▶ Records for this exercise:
(* Let $\lambda,R_c,H,\alpha_L>0$, $\alpha_N>2$, $m_L$ a positive integer and $\epsilon>0$. Let $\Phi$ be a homogeneous Poisson point process on $\mathbb{R}^2$ of intensity $\lambda$, $\Phi_o=\Phi\setminus\{y:\|y\|\le R_c\}$, $x_0=(r_0,0)$ with $0\le r_0\le R_c$, $r_1=\min_{y\in\Phi_o}\|y-x_0\|$ attained at $y_1$. Let $h_0=|g_0|^2(H^2+r_0^2)^{-\alpha_L/2}$ with $|g_0|^2\sim\mathrm{Gamma}(\text{shape }m_L,\text{rate }m_L)$, and for $y\in\Phi_o$ let $h_y=|g_y|^2\|y-x_0\|^{-\alpha_N}$ with i.i.d. $|g_y|^2\sim\mathrm{Exp}(1)$, all mutually independent and independent of $\Phi$. Let $h_1=h_{y_1}$, $I_2=\sum_{y\in\Phi_o\setminus\{y_1\}}h_y$, $\mathrm{SIR}_2=\frac{h_0+h_1}{I_2}$, $\mathcal{L}_{I_2|r_0,r_1}(s)=\mathbb{E}[e^{-sI_2}\mid r_1]$ and $\mathcal{L}^{(l)}_{I_2|r_0,r_1}$ its $l$-th derivative in $s$ ($\mathcal{L}^{(0)}=\mathcal{L}$). Put $\alpha_0=m_L$, $\beta_0=m_L(H^2+r_0^2)^{\alpha_L/2}$, $\alpha_1=1$, $\beta_1=r_1^{\alpha_N}$, $u_j=\beta_j\epsilon$, and $$A_{jk}=(-1)^{\alpha_j-k}\frac{\beta_0^{\alpha_0}\beta_1^{\alpha_1}(\alpha_{1-j}+\alpha_j-k-1)!}{(\alpha_j-k)!(\alpha_{1-j}-1)!}(\beta_{1-j}-\beta_j)^{-\alpha_{1-j}-\alpha_j+k}.$$ Assume $r_1>R_c-r_0$ and $\beta_0\ne\beta_1$. Then $$P^2(r_0,r_1):=\Pr(\mathrm{SIR}_2>\epsilon\mid r_1)=\sum_{j=0}^{1}\sum_{k=1}^{\alpha_j}\frac{A_{jk}}{\beta_j^k}\sum_{l=0}^{k-1}\frac{(-u_j)^l}{l!}\mathcal{L}^{(l)}_{I_2|r_0,r_1}(u_j).$$
   Context: Here $\alpha_0,\alpha_1$ are the integers just defined (not path-loss exponents). A UAV at height $H$ above the center of the malfunction disc has a line-of-sight link to the user with Nakagami-$m_L$ fading and path-loss exponent $\alpha_L$; ground links are Rayleigh-faded with exponent $\alpha_N$. $\mathrm{SIR}_2$ is the signal-to-interference ratio when the user is cooperatively served by the UAV and its nearest ground base station. *)

theory Defs
  imports "HOL-Probability.Probability"
begin

definition alph :: "nat \<Rightarrow> nat \<Rightarrow> nat" where
  "alph mL j = (if j = 0 then mL else 1)"

definition bet :: "real \<Rightarrow> real \<Rightarrow> nat \<Rightarrow> real" where
  "bet b0 b1 j = (if j = 0 then b0 else b1)"

definition coefA :: "nat \<Rightarrow> real \<Rightarrow> real \<Rightarrow> nat \<Rightarrow> nat \<Rightarrow> real" where
  "coefA mL b0 b1 j k =
     (-1) ^ (alph mL j - k) *
     (b0 ^ alph mL 0 * b1 ^ alph mL 1 * fact (alph mL (1 - j) + alph mL j - k - 1)
        / (fact (alph mL j - k) * fact (alph mL (1 - j) - 1)))
     * (bet b0 b1 (1 - j) - bet b0 b1 j)
         powi (- int (alph mL (1 - j)) - int (alph mL j) + int k)"

definition laplace_tr :: "'a measure \<Rightarrow> ('a \<Rightarrow> real) \<Rightarrow> real \<Rightarrow> real" where
  "laplace_tr M X s = (\<integral>\<omega>. exp (- s * X \<omega>) \<partial>M)"

end

theory Submission
  imports Defs
begin

text \<open>
  Weighted by the path losses, the two useful gains become independent variables
  X0 = (m_L / beta_0) G0, Erlang of shape m_L and rate beta_0, and X1 = G1 / beta_1,
  exponential of rate beta_1, and both are independent of I2. Conditioning on I2 gives
  P(SIR_2 > eps) = E[F(eps I2)], where F(t) = P(X0 + X1 > t) is obtained by integrating
  the exponential tail against the Erlang density. F is a combination of the terms
  T_k(beta_j t) exp(-beta_j t), T_k the exponential series truncated after k terms, and a
  partial fraction identity shows that the coefficients are A_jk / beta_j^k. Finally
  E[(-I2)^l exp(-s I2)] is the l-th derivative of the Laplace transform of I2 at s, by
  dominated differentiation under the integral sign, since x^l exp(-s x) is bounded on x > 0.
\<close>

section \<open>Differentiating a Laplace transform under the integral sign\<close>

lemma has_field_derivative_integral:
  fixes f f' :: "real \<Rightarrow> 'a \<Rightarrow> real"
  assumes r: "0 < r"
    and f_int: "\<And>t. t \<in> ball s r \<Longrightarrow> integrable M (f t)"
    and f'_meas: "f' s \<in> borel_measurable M"
    and deriv: "AE \<omega> in M. \<forall>t\<in>ball s r. ((\<lambda>t. f t \<omega>) has_field_derivative f' t \<omega>) (at t)"
    and bound: "AE \<omega> in M. \<forall>t\<in>ball s r. \<bar>f' t \<omega>\<bar> \<le> g \<omega>"
    and g: "integrable M g"
  shows "((\<lambda>t. \<integral>\<omega>. f t \<omega> \<partial>M) has_field_derivative (\<integral>\<omega>. f' s \<omega> \<partial>M)) (at s)"
proof -
  define q where "q h \<omega> = (f (s + h) \<omega> - f s \<omega>) / h" for h \<omega>
  have int_q: "(\<integral>\<omega>. q h \<omega> \<partial>M) = ((\<integral>\<omega>. f (s + h) \<omega> \<partial>M) - (\<integral>\<omega>. f s \<omega> \<partial>M)) / h"
    if "s + h \<in> ball s r" for h
    using f_int[OF that] f_int[of s] r by (simp add: q_def)
  have q_bound: "AE \<omega> in M. \<bar>q h \<omega>\<bar> \<le> g \<omega>" if "s + h \<in> ball s r" "h \<noteq> 0" for h
    using deriv bound
  proof eventually_elim
    case (elim \<omega>)
    have "norm (f (s + h) \<omega> - f s \<omega>) \<le> g \<omega> * norm (s + h - s)"
      by (rule field_differentiable_bound[of "ball s r"])
         (use elim that r in \<open>auto intro: has_field_derivative_at_within\<close>)
    with that show ?case by (simp add: q_def divide_le_eq)
  qed
  have q_lim: "AE \<omega> in M. ((\<lambda>h. q h \<omega>) \<longlongrightarrow> f' s \<omega>) (at 0)"
    using deriv by eventually_elim (use r in \<open>simp add: q_def DERIV_def\<close>)
  have "((\<lambda>h. \<integral>\<omega>. q h \<omega> \<partial>M) \<longlongrightarrow> (\<integral>\<omega>. f' s \<omega> \<partial>M)) (at 0)"
    unfolding tendsto_at_iff_sequentially comp_def
  proof (intro allI impI)
    fix X :: "nat \<Rightarrow> real"
    assume X: "\<forall>n. X n \<in> UNIV - {0}" "X \<longlonglongrightarrow> 0"
    obtain N where N: "\<And>n. N \<le> n \<Longrightarrow> \<bar>X n\<bar> < r"
      using X(2) r by (force dest!: tendstoD simp: eventually_sequentially dist_norm)
    show "(\<lambda>n. \<integral>\<omega>. q (X n) \<omega> \<partial>M) \<longlonglongrightarrow> (\<integral>\<omega>. f' s \<omega> \<partial>M)"
    proof (rule LIMSEQ_offset[of _ N], rule integral_dominated_convergence[where w=g])
      show "AE \<omega> in M. norm (q (X (n + N)) \<omega>) \<le> g \<omega>" for n
        unfolding real_norm_def
      proof (rule q_bound)
        show "s + X (n + N) \<in> ball s r"
          using N[of "n + N"] by (simp add: dist_norm)
      qed (use X(1) in auto)
      show "AE \<omega> in M. (\<lambda>n. q (X (n + N)) \<omega>) \<longlonglongrightarrow> f' s \<omega>"
        using q_lim
      proof eventually_elim
        case (elim \<omega>)
        have "(\<lambda>n. q (X n) \<omega>) \<longlonglongrightarrow> f' s \<omega>"
          using elim X by (simp add: tendsto_at_iff_sequentially comp_def)
        then show ?case
          by (rule LIMSEQ_ignore_initial_segment)
      qed
      show "q (X (n + N)) \<in> borel_measurable M" for n
        unfolding q_def using f_int[of s] f_int[of "s + X (n + N)"] N[of "n + N"]
        by (simp add: dist_norm borel_measurable_integrable)
      show "f' s \<in> borel_measurable M" by (rule f'_meas)
    qed (rule g)
  qed
  moreover have "\<forall>\<^sub>F h in at 0.
      (\<integral>\<omega>. q h \<omega> \<partial>M) = ((\<integral>\<omega>. f (s + h) \<omega> \<partial>M) - (\<integral>\<omega>. f s \<omega> \<partial>M)) / h"
    using r by (auto simp: eventually_at dist_norm int_q intro!: exI[of _ r])
  ultimately show ?thesis
    unfolding DERIV_def by (rule Lim_transform_eventually)
qed

lemma power_div_fact_le_exp:
  fixes x :: real
  assumes "0 \<le> x"
  shows "x ^ n / fact n \<le> exp x"
proof -
  have "x ^ n / fact n \<le> (\<Sum>k\<le>n. x ^ k / fact k)"
    by (rule member_le_sum) (use assms in auto)
  also have "\<dots> \<le> exp x"
    using assms summable_exp_generic[of x]
    by (auto simp: exp_def divide_inverse ac_simps intro!: sum_le_suminf)
  finally show ?thesis .
qed

lemma power_mult_exp_le_fact:
  fixes x c :: real
  assumes "0 \<le> x" "0 < c"
  shows "x ^ n * exp (- c * x) \<le> fact n / c ^ n"
proof -
  have "(c * x) ^ n / fact n \<le> exp (c * x)"
    using assms by (intro power_div_fact_le_exp) simp
  then show ?thesis
    using assms by (simp add: exp_minus power_mult_distrib field_simps)
qed

context
  fixes M :: "'a measure" and X :: "'a \<Rightarrow> real"
  assumes M: "finite_measure M"
    and X_meas: "X \<in> borel_measurable M"
    and X_pos: "AE \<omega> in M. 0 < X \<omega>"
begin

lemma laplace_moment_bound:
  assumes "0 < t"
  shows "AE \<omega> in M. \<bar>(- X \<omega>) ^ l * exp (- t * X \<omega>)\<bar> \<le> fact l / t ^ l"
  using X_pos
proof eventually_elim
  case (elim \<omega>)
  then show ?case
    using power_mult_exp_le_fact[of "X \<omega>" t l] assms by (simp add: abs_mult power_abs)
qed

lemma integrable_laplace_moment:
  assumes "0 < t"
  shows "integrable M (\<lambda>\<omega>. (- X \<omega>) ^ l * exp (- t * X \<omega>))"
proof -
  interpret finite_measure M by (rule M)
  show ?thesis
    using laplace_moment_bound[OF assms] X_meas
    by (intro integrable_const_bound[where B="fact l / t ^ l"]) auto
qed

lemma has_field_derivative_laplace_moment:
  assumes s: "0 < s"
  shows "((\<lambda>t. \<integral>\<omega>. (- X \<omega>) ^ l * exp (- t * X \<omega>) \<partial>M) has_field_derivative
           (\<integral>\<omega>. (- X \<omega>) ^ Suc l * exp (- s * X \<omega>) \<partial>M)) (at s)"
proof (rule has_field_derivative_integral[where r="s / 2" and g="\<lambda>_. fact (Suc l) / (s / 2) ^ Suc l"])
  have ball: "s / 2 < t" if "t \<in> ball s (s / 2)" for t
    using that by (auto simp: dist_real_def abs_if split: if_splits)
  show "integrable M (\<lambda>\<omega>. (- X \<omega>) ^ l * exp (- t * X \<omega>))" if "t \<in> ball s (s / 2)" for t
    using ball[OF that] s by (intro integrable_laplace_moment) simp
  show "AE \<omega> in M. \<forall>t\<in>ball s (s / 2). ((\<lambda>t. (- X \<omega>) ^ l * exp (- t * X \<omega>)) has_field_derivative
           (- X \<omega>) ^ Suc l * exp (- t * X \<omega>)) (at t)"
    by (auto intro!: derivative_eq_intros)
  show "AE \<omega> in M. \<forall>t\<in>ball s (s / 2).
      \<bar>(- X \<omega>) ^ Suc l * exp (- t * X \<omega>)\<bar> \<le> fact (Suc l) / (s / 2) ^ Suc l"
    using X_pos
  proof eventually_elim
    case (elim \<omega>)
    show ?case
    proof
      fix t assume "t \<in> ball s (s / 2)"
      then have "s / 2 \<le> t" using ball by fastforce
      with elim have "\<bar>(- X \<omega>) ^ Suc l * exp (- t * X \<omega>)\<bar>
          \<le> X \<omega> ^ Suc l * exp (- (s / 2) * X \<omega>)"
        by (auto simp: abs_mult power_abs intro!: mult_left_mono)
      also have "\<dots> \<le> fact (Suc l) / (s / 2) ^ Suc l"
        using elim s by (intro power_mult_exp_le_fact) auto
      finally show "\<bar>(- X \<omega>) ^ Suc l * exp (- t * X \<omega>)\<bar> \<le> fact (Suc l) / (s / 2) ^ Suc l" .
    qed
  qed
  show "(\<lambda>\<omega>. (- X \<omega>) ^ Suc l * exp (- s * X \<omega>)) \<in> borel_measurable M"
    using X_meas by measurable
  interpret finite_measure M by (rule M)
  show "integrable M (\<lambda>_. fact (Suc l) / (s / 2) ^ Suc l)" by simp
qed (use s in simp)

lemma higher_deriv_laplace_tr:
  "0 < s \<Longrightarrow> (deriv ^^ l) (laplace_tr M X) s = (\<integral>\<omega>. (- X \<omega>) ^ l * exp (- s * X \<omega>) \<partial>M)"
proof (induction l arbitrary: s)
  case 0
  then show ?case by (simp add: laplace_tr_def)
next
  case (Suc l)
  have "((deriv ^^ l) (laplace_tr M X) has_field_derivative
           (\<integral>\<omega>. (- X \<omega>) ^ Suc l * exp (- s * X \<omega>) \<partial>M)) (at s)"
    by (rule has_field_derivative_transform_within_open
          [OF has_field_derivative_laplace_moment[OF Suc.prems], where S="{0<..}"])
       (use Suc in auto)
  then show ?case by (simp add: DERIV_imp_deriv)
qed

end

section \<open>Truncated exponential series\<close>

definition exp_taylor :: "nat \<Rightarrow> real \<Rightarrow> real" where
  "exp_taylor m z = (\<Sum>n<m. z ^ n / fact n)"

lemma exp_taylor_Suc: "exp_taylor (Suc m) z = exp_taylor m z + z ^ m / fact m"
  by (simp add: exp_taylor_def)

lemma exp_taylor_at_0: "0 < m \<Longrightarrow> exp_taylor m 0 = 1"
  by (cases m) (simp_all add: exp_taylor_def sum.lessThan_Suc_shift del: sum.lessThan_Suc)

lemma exp_taylor_nonneg: "0 \<le> z \<Longrightarrow> 0 \<le> exp_taylor m z"
  by (simp add: exp_taylor_def sum_nonneg)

▶ Task prompt: In the material above, transcribe exactly the lines beginning at the one with "proof (intro allI impI)" and ending at the one with "(X n) \<omega>)", both included.

▶ Answer box:
  proof (intro allI impI)
    fix X :: "nat \<Rightarrow> real"
    assume X: "\<forall>n. X n \<in> UNIV - {0}" "X \<longlonglongrightarrow> 0"
    obtain N where N: "\<And>n. N \<le> n \<Longrightarrow> \<bar>X n\<bar> < r"
      using X(2) r by (force dest!: tendstoD simp: eventually_sequentially dist_norm)
    show "(\<lambda>n. \<integral>\<omega>. q (X n) \<omega> \<partial>M) \<longlonglongrightarrow> (\<integral>\<omega>. f' s \<omega> \<partial>M)"
    proof (rule LIMSEQ_offset[of _ N], rule integral_dominated_convergence[where w=g])
      show "AE \<omega> in M. norm (q (X (n + N)) \<omega>) \<le> g \<omega>" for n
        unfolding real_norm_def
      proof (rule q_bound)
        show "s + X (n + N) \<in> ball s r"
          using N[of "n + N"] by (simp add: dist_norm)
      qed (use X(1) in auto)
      show "AE \<omega> in M. (\<lambda>n. q (X (n + N)) \<omega>) \<longlonglongrightarrow> f' s \<omega>"
        using q_lim
      proof eventually_elim
        case (elim \<omega>)
        have "(\<lambda>n. q (X n) \<omega>) \<longlonglongrightarrow> f' s \<omega>"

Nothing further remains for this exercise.